==== EXERCISE MATERIAL

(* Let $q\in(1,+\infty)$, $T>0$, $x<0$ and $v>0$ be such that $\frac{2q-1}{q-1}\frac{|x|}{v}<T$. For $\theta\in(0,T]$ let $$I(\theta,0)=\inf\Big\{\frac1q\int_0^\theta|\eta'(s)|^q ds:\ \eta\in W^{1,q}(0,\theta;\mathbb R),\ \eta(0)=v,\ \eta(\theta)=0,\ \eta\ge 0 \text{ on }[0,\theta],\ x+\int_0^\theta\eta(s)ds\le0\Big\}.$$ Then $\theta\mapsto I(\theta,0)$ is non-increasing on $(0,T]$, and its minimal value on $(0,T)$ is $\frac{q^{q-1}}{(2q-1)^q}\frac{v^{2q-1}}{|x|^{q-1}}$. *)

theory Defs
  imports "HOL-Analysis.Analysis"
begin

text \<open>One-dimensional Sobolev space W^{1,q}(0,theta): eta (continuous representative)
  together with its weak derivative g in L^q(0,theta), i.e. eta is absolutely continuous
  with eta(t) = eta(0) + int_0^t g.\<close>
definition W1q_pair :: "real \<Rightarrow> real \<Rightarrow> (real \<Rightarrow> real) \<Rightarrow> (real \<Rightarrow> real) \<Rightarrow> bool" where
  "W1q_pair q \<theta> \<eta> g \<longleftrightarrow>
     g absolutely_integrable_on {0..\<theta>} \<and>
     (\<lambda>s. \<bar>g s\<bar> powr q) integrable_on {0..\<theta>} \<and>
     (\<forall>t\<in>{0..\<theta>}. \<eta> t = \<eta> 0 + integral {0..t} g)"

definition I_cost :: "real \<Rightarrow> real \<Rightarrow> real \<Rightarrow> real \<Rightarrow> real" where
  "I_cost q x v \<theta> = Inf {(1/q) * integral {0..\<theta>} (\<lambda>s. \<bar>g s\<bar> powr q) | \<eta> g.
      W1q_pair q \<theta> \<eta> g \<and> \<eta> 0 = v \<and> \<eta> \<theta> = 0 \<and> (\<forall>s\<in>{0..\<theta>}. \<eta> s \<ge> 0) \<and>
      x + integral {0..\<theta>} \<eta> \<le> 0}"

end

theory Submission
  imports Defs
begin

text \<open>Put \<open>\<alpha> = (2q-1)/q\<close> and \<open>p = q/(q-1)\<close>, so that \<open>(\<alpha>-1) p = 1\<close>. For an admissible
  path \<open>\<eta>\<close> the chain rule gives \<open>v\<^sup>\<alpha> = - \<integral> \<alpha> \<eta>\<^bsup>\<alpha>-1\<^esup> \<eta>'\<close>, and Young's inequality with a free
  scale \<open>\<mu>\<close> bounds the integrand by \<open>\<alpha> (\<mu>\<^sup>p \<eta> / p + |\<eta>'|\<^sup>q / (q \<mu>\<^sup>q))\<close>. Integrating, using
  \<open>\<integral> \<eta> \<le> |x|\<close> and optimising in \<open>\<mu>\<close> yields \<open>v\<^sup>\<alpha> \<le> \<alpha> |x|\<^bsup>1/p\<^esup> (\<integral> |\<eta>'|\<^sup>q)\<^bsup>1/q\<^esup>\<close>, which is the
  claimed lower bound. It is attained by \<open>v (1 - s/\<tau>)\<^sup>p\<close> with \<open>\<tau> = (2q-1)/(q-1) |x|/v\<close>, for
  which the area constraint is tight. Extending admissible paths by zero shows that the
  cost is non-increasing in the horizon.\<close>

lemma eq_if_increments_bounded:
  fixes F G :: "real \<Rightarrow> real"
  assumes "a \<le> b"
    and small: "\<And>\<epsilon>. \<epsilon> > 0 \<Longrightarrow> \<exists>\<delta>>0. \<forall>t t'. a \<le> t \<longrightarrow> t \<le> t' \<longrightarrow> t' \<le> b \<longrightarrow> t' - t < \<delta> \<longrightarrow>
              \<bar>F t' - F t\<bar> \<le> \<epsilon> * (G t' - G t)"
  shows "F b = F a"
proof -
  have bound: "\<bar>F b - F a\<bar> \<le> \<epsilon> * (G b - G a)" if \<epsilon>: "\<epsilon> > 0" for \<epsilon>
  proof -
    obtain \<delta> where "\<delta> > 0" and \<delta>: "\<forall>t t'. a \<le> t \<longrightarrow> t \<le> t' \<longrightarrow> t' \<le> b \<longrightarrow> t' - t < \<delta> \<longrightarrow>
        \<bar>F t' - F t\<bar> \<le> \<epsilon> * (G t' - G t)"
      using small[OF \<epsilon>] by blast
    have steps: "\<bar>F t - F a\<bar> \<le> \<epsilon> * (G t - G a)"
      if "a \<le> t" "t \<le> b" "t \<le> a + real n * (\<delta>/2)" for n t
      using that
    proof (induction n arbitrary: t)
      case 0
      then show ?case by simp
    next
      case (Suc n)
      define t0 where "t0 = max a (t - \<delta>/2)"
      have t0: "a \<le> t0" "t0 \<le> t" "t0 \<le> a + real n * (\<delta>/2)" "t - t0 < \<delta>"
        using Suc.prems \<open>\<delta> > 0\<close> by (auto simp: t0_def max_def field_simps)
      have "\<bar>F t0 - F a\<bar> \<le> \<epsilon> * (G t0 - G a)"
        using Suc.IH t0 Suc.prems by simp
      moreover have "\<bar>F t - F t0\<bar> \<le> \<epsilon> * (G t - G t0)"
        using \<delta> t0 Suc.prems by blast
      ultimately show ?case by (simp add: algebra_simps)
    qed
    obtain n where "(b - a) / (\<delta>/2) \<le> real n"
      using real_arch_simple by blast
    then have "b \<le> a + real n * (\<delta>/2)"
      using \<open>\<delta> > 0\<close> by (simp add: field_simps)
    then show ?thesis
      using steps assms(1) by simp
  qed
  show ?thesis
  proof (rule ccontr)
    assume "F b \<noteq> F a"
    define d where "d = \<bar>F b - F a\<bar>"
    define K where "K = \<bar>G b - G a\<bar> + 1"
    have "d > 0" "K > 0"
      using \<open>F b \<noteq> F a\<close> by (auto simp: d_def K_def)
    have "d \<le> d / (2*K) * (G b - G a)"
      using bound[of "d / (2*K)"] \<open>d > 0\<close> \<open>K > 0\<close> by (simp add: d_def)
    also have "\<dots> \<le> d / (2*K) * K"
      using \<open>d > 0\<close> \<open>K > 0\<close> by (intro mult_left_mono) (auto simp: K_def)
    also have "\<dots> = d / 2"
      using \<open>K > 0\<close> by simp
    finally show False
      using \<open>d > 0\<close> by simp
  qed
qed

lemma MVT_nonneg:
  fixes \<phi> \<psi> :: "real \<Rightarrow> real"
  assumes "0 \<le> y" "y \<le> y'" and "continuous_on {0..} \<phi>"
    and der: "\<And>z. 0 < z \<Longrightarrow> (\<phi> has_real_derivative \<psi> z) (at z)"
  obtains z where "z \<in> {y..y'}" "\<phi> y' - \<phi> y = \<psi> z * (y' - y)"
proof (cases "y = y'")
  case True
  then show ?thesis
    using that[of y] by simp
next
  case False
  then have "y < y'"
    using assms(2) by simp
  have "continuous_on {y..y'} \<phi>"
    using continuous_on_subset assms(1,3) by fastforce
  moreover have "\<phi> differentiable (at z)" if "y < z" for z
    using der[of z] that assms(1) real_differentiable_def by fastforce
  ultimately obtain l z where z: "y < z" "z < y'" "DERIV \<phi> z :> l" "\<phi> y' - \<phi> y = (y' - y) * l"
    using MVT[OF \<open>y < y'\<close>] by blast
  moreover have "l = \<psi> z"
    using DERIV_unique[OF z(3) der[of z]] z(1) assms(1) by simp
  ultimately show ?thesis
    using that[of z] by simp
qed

========
==== EXERCISE MATERIAL

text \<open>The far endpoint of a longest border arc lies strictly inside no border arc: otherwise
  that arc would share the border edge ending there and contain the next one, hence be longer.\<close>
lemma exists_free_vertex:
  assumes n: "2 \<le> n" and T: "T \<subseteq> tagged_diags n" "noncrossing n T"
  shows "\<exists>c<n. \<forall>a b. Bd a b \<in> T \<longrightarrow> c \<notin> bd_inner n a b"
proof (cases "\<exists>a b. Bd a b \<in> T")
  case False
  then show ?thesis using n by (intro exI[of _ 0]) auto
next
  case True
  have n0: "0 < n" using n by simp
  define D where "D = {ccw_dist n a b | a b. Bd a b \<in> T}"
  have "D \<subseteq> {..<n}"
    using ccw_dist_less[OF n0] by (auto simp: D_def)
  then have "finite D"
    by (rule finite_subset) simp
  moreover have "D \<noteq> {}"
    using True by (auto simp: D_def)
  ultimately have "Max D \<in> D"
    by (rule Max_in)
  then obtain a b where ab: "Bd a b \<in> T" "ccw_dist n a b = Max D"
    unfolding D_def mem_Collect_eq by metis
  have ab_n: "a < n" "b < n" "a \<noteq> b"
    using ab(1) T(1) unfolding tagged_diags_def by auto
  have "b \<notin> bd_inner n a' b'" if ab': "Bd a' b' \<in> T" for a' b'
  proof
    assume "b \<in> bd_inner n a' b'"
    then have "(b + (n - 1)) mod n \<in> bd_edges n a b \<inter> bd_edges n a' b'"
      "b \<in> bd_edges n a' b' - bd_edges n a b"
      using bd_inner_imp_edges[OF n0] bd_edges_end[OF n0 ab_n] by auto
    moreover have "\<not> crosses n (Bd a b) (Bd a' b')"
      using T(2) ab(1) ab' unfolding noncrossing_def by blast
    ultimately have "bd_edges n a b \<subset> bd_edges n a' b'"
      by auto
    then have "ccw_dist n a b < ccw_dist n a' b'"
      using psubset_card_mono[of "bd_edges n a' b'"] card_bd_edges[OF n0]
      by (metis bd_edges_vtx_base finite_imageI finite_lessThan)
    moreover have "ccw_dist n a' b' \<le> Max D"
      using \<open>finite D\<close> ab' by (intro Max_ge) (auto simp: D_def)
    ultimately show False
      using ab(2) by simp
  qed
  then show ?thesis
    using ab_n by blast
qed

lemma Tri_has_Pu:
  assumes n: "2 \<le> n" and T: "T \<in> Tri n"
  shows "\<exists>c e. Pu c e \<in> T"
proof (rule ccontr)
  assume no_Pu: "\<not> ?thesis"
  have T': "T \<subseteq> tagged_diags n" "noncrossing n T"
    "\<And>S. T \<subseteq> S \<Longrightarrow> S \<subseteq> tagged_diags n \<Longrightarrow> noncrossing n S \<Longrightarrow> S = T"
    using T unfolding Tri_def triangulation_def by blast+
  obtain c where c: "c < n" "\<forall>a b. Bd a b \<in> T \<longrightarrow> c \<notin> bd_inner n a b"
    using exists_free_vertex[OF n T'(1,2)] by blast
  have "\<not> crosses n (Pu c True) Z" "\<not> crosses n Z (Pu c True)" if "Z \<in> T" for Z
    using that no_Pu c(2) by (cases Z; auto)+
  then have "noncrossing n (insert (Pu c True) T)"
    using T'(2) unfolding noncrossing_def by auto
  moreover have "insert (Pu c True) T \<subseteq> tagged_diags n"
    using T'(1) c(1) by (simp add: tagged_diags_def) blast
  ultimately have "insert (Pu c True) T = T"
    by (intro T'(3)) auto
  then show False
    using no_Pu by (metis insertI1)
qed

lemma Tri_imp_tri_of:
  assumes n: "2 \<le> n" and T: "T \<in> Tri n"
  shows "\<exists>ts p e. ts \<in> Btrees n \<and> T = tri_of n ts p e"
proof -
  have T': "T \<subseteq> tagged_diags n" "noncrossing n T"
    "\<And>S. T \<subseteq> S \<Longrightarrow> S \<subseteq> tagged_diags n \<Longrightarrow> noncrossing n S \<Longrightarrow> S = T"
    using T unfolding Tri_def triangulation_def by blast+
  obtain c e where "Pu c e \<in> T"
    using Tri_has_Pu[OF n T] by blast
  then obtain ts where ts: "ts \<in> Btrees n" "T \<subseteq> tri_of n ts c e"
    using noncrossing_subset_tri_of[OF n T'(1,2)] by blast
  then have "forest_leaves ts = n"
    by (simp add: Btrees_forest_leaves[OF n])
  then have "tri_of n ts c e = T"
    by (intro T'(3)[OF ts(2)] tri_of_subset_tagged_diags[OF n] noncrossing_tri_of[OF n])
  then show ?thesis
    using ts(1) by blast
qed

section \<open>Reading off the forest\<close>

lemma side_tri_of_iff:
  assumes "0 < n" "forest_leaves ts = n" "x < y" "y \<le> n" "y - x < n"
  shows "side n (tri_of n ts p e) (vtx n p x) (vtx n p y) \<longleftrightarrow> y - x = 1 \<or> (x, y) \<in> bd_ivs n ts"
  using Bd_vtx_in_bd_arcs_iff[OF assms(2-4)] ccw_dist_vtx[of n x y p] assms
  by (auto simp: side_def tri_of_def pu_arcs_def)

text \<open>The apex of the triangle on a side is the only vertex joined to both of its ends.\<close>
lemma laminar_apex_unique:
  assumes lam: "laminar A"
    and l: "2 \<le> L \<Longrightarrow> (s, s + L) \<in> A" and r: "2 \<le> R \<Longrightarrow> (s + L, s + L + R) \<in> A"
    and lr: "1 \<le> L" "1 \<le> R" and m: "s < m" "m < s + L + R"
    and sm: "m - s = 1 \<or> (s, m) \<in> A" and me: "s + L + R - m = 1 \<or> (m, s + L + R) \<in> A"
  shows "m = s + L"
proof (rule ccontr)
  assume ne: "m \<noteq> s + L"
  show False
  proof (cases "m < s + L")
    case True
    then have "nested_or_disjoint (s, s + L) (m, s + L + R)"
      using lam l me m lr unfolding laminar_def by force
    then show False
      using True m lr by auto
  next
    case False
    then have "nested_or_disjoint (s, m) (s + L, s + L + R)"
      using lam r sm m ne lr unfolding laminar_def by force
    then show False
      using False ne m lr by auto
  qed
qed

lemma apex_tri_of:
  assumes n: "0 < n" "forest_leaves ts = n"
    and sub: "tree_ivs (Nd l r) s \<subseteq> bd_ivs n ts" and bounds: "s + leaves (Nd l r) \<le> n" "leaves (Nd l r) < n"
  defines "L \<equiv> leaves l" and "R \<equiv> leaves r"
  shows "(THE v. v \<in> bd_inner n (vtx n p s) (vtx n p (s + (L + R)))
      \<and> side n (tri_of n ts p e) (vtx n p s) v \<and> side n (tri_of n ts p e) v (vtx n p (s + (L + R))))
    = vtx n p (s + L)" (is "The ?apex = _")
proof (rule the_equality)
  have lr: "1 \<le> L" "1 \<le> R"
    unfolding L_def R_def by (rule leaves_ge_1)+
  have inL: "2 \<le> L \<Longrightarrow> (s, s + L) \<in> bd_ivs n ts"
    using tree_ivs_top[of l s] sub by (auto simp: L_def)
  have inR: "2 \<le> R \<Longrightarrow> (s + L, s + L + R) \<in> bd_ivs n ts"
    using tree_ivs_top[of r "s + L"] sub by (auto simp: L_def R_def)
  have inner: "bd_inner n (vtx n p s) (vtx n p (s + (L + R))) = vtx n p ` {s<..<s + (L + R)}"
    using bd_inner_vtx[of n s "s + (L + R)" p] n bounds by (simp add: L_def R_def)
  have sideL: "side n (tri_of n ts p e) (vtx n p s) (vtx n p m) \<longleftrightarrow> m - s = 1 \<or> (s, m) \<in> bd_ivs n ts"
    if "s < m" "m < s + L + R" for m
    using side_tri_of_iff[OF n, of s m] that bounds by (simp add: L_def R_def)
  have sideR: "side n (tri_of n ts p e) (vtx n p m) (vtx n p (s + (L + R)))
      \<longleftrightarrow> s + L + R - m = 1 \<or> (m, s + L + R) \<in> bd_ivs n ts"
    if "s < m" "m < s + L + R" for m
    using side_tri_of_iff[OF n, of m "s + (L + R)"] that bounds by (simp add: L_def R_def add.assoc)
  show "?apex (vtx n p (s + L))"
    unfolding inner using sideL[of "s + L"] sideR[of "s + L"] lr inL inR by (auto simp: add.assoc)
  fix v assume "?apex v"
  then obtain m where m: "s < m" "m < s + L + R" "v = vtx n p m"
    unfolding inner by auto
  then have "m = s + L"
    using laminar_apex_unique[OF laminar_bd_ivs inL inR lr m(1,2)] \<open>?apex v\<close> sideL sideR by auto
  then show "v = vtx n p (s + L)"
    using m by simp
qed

========

WORK INSTRUCTION: The answer must consist of each line from the entries that contains the string "noteq".

FINAL ANSWER:
    assume "F b \<noteq> F a"
      using \<open>F b \<noteq> F a\<close> by (auto simp: d_def K_def)
  moreover have "D \<noteq> {}"
  have ab_n: "a < n" "b < n" "a \<noteq> b"
  assume ne: "m \<noteq> s + L"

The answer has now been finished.